lemma lookup_sigmaR_not_shift_mon:
  "k \<notin> range shift_mon \<Longrightarrow> Poly_Mapping.lookup (sigmaR \<sigma> p) k = 0"
  unfolding sigmaR_def lookup_sum by (intro sum.neutral) (auto simp: lookup_single when_def)

lemma sigmaR_eqI:
  assumes "\<And>m. Poly_Mapping.lookup p (shift_mon m) = Poly_Mapping.lookup q (shift_mon m)"
    and "\<And>k. k \<notin> range shift_mon \<Longrightarrow> Poly_Mapping.lookup p k = Poly_Mapping.lookup q k"
  shows "p = q"
  using assms by (intro poly_mapping_eqI) (metis rangeE)

lemma sigmaR_add: "sigmaR \<sigma> (p + q) = sigmaR \<sigma> p + sigmaR \<sigma> q"
  by (rule sigmaR_eqI)
     (simp_all add: lookup_sigmaR_shift_mon lookup_sigmaR_not_shift_mon lookup_add sigma_add)

lemma sigmaR_diff: "sigmaR \<sigma> (p - q) = sigmaR \<sigma> p - sigmaR \<sigma> q"
  using sigmaR_add[of "p - q" q] by (simp add: algebra_simps)

lemma sigmaR_single:
  "sigmaR \<sigma> (Poly_Mapping.single m c) = Poly_Mapping.single (shift_mon m) (\<sigma> c)"
  by (rule sigmaR_eqI)
     (auto simp: lookup_sigmaR_shift_mon lookup_sigmaR_not_shift_mon lookup_single when_def
        sigma_zero dest: injD[OF inj_shift_mon])

lemma keys_sigmaR: "Poly_Mapping.keys (sigmaR \<sigma> p) = shift_mon ` Poly_Mapping.keys p"
proof (intro set_eqI iffI)
  fix k assume "k \<in> Poly_Mapping.keys (sigmaR \<sigma> p)"
  then obtain m where "k = shift_mon m"
    using lookup_sigmaR_not_shift_mon by (force simp: in_keys_iff)
  with \<open>k \<in> Poly_Mapping.keys (sigmaR \<sigma> p)\<close> show "k \<in> shift_mon ` Poly_Mapping.keys p"
    by (auto simp: lookup_sigmaR_shift_mon in_keys_iff sigma_eq_0_iff)
qed (auto simp: lookup_sigmaR_shift_mon in_keys_iff sigma_eq_0_iff)

lemma is_lead_sigmaR_pow:
  "mon_order.is_lead p e \<Longrightarrow> mon_order.is_lead ((sigmaR \<sigma> ^^ i) p) ((shift_mon ^^ i) e)"
  by (induction i) (auto simp: mon_order.is_lead_def keys_sigmaR intro: mon_rank_shift_mono)

lemma sigmaR_pow_single_one:
  "(sigmaR \<sigma> ^^ i) (Poly_Mapping.single e 1) = Poly_Mapping.single ((shift_mon ^^ i) e) 1"
  by (induction i) (simp_all add: sigmaR_single sigma_one)

lemma is_lead_dpower:
  "mon_order.is_lead a e \<Longrightarrow> mon_order.is_lead (dpower \<sigma> a g) (mon_dpower g e)"
  unfolding dpower_def mon_dpower_def
  by (intro mon_order.is_lead_prod mon_order.is_lead_power is_lead_sigmaR_pow) simp_all

lemma dpower_single_one:
  "dpower \<sigma> (Poly_Mapping.single e 1) g = Poly_Mapping.single (mon_dpower g e) 1"
  by (simp add: dpower_def mon_dpower_def sigmaR_pow_single_one single_one_power prod_single)

lemma sigmaR_pow_cong:
  assumes "sigma_ideal \<sigma> I" "a - b \<in> I"
  shows "(sigmaR \<sigma> ^^ i) a - (sigmaR \<sigma> ^^ i) b \<in> I"
proof (induction i)
  case (Suc i)
  then show ?case using assms(1) by (auto simp: sigma_ideal_def simp flip: sigmaR_diff)
qed (simp add: assms(2))

lemma dpower_cong:
  assumes "sigma_ideal \<sigma> I" "a - b \<in> I"
  shows "dpower \<sigma> a g - dpower \<sigma> b g \<in> I"
proof -
  have "is_ideal I" using assms(1) by (simp add: sigma_ideal_def)
  then show ?thesis
    unfolding dpower_def using sigmaR_pow_cong[OF assms]
    by (intro ideal_prod_cong ideal_power_cong)
qed

end

section \<open>Monomial ideals\<close>

lemma monomial_ideal_mem_iff:
  fixes I :: "('n::finite, 'k::comm_ring_1) dpoly set"
  assumes "monomial_ideal I"
  shows "p \<in> I \<longleftrightarrow> (\<forall>m\<in>Poly_Mapping.keys p. Poly_Mapping.single m 1 \<in> I)"
proof -
  have ideal: "is_ideal I" using assms by (simp add: monomial_ideal_def)
  obtain G where G: "G \<subseteq> range ymon" "I = ideal_gen G"
    using assms by (auto simp: monomial_ideal_def)
  define J where "J = {p :: ('n, 'k) dpoly. \<forall>m\<in>Poly_Mapping.keys p. Poly_Mapping.single m 1 \<in> I}"
  have "is_ideal J"
    unfolding is_ideal_def
  proof (intro conjI ballI allI impI)
    show "0 \<in> J" by (simp add: J_def)
    show "a + b \<in> J" if "a \<in> J" "b \<in> J" for a b
      using that keys_add[of a b] by (auto simp: J_def)
    show "r * a \<in> J" if "a \<in> J" for r a
      unfolding J_def
    proof (intro CollectI ballI)
      fix m assume "m \<in> Poly_Mapping.keys (r * a)"
      then obtain x y where "m = x + y" "y \<in> Poly_Mapping.keys a"
        using keys_mult by blast
      with \<open>a \<in> J\<close> ideal_mult[OF ideal, of "Poly_Mapping.single y 1" "Poly_Mapping.single x 1"]
      show "Poly_Mapping.single m 1 \<in> I" by (simp add: J_def mult_single)
    qed
  qed
  moreover have "G \<subseteq> J"
  proof -
    have "G \<subseteq> I" using G(2) by (auto simp: ideal_gen_def)
    with G(1) show ?thesis by (force simp: J_def ymon_def)
  qed
  ultimately have "I \<subseteq> J" using G(2) by (auto simp: ideal_gen_def)
  moreover have "p \<in> I" if "p \<in> J" for p
  proof -
    have "Poly_Mapping.single m (Poly_Mapping.lookup p m) \<in> I" if "m \<in> Poly_Mapping.keys p" for m
      using ideal_mult[OF ideal, of "Poly_Mapping.single m 1"
          "Poly_Mapping.single 0 (Poly_Mapping.lookup p m)"] \<open>p \<in> J\<close> that by (simp add: J_def mult_single)
    then have "(\<Sum>m\<in>Poly_Mapping.keys p. Poly_Mapping.single m (Poly_Mapping.lookup p m)) \<in> I"
      by (rule ideal_sum[OF ideal])
    then show ?thesis by (simp only: sum_single_lookup)
  qed
  ultimately show ?thesis unfolding J_def by blast
qed

lemma monomial_ideal_reduce:
  fixes I :: "('n::finite, 'k::comm_ring_1) dpoly set"
  assumes "monomial_ideal I" "a \<notin> I"
  obtains a' where "a - a' \<in> I" "a' \<noteq> 0"
    "\<And>m. m \<in> Poly_Mapping.keys a' \<Longrightarrow> Poly_Mapping.single m 1 \<notin> I"
proof -
  define a' where "a' = (\<Sum>m\<in>{m \<in> Poly_Mapping.keys a. Poly_Mapping.single m 1 \<notin> I}.
                          Poly_Mapping.single m (Poly_Mapping.lookup a m))"
  have lookup_a': "Poly_Mapping.lookup a' m =
      (if Poly_Mapping.single m 1 \<in> I then 0 else Poly_Mapping.lookup a m)" for m
    by (simp add: a'_def lookup_sum lookup_single when_def in_keys_iff)
  have "a - a' \<in> I"
    by (rule monomial_ideal_mem_iff[OF assms(1), THEN iffD2])
       (auto simp: in_keys_iff lookup_minus lookup_a' split: if_splits)
  moreover have "Poly_Mapping.single m 1 \<notin> I" if "m \<in> Poly_Mapping.keys a'" for m
    using that by (auto simp: in_keys_iff lookup_a')
  moreover have "a' \<noteq> 0"
    using \<open>a - a' \<in> I\<close> assms(2) by auto
  ultimately show thesis using that by blast
qed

◇ ◇ ◇

Would you quote everything above from the line containing "(Poly_Mapping.lookup p m))" down to the line containing "obtains a' where"? Include both of those lines and nothing else.

    then have "(\<Sum>m\<in>Poly_Mapping.keys p. Poly_Mapping.single m (Poly_Mapping.lookup p m)) \<in> I"
      by (rule ideal_sum[OF ideal])
    then show ?thesis by (simp only: sum_single_lookup)
  qed
  ultimately show ?thesis unfolding J_def by blast
qed

lemma monomial_ideal_reduce:
  fixes I :: "('n::finite, 'k::comm_ring_1) dpoly set"
  assumes "monomial_ideal I" "a \<notin> I"
  obtains a' where "a - a' \<in> I" "a' \<noteq> 0"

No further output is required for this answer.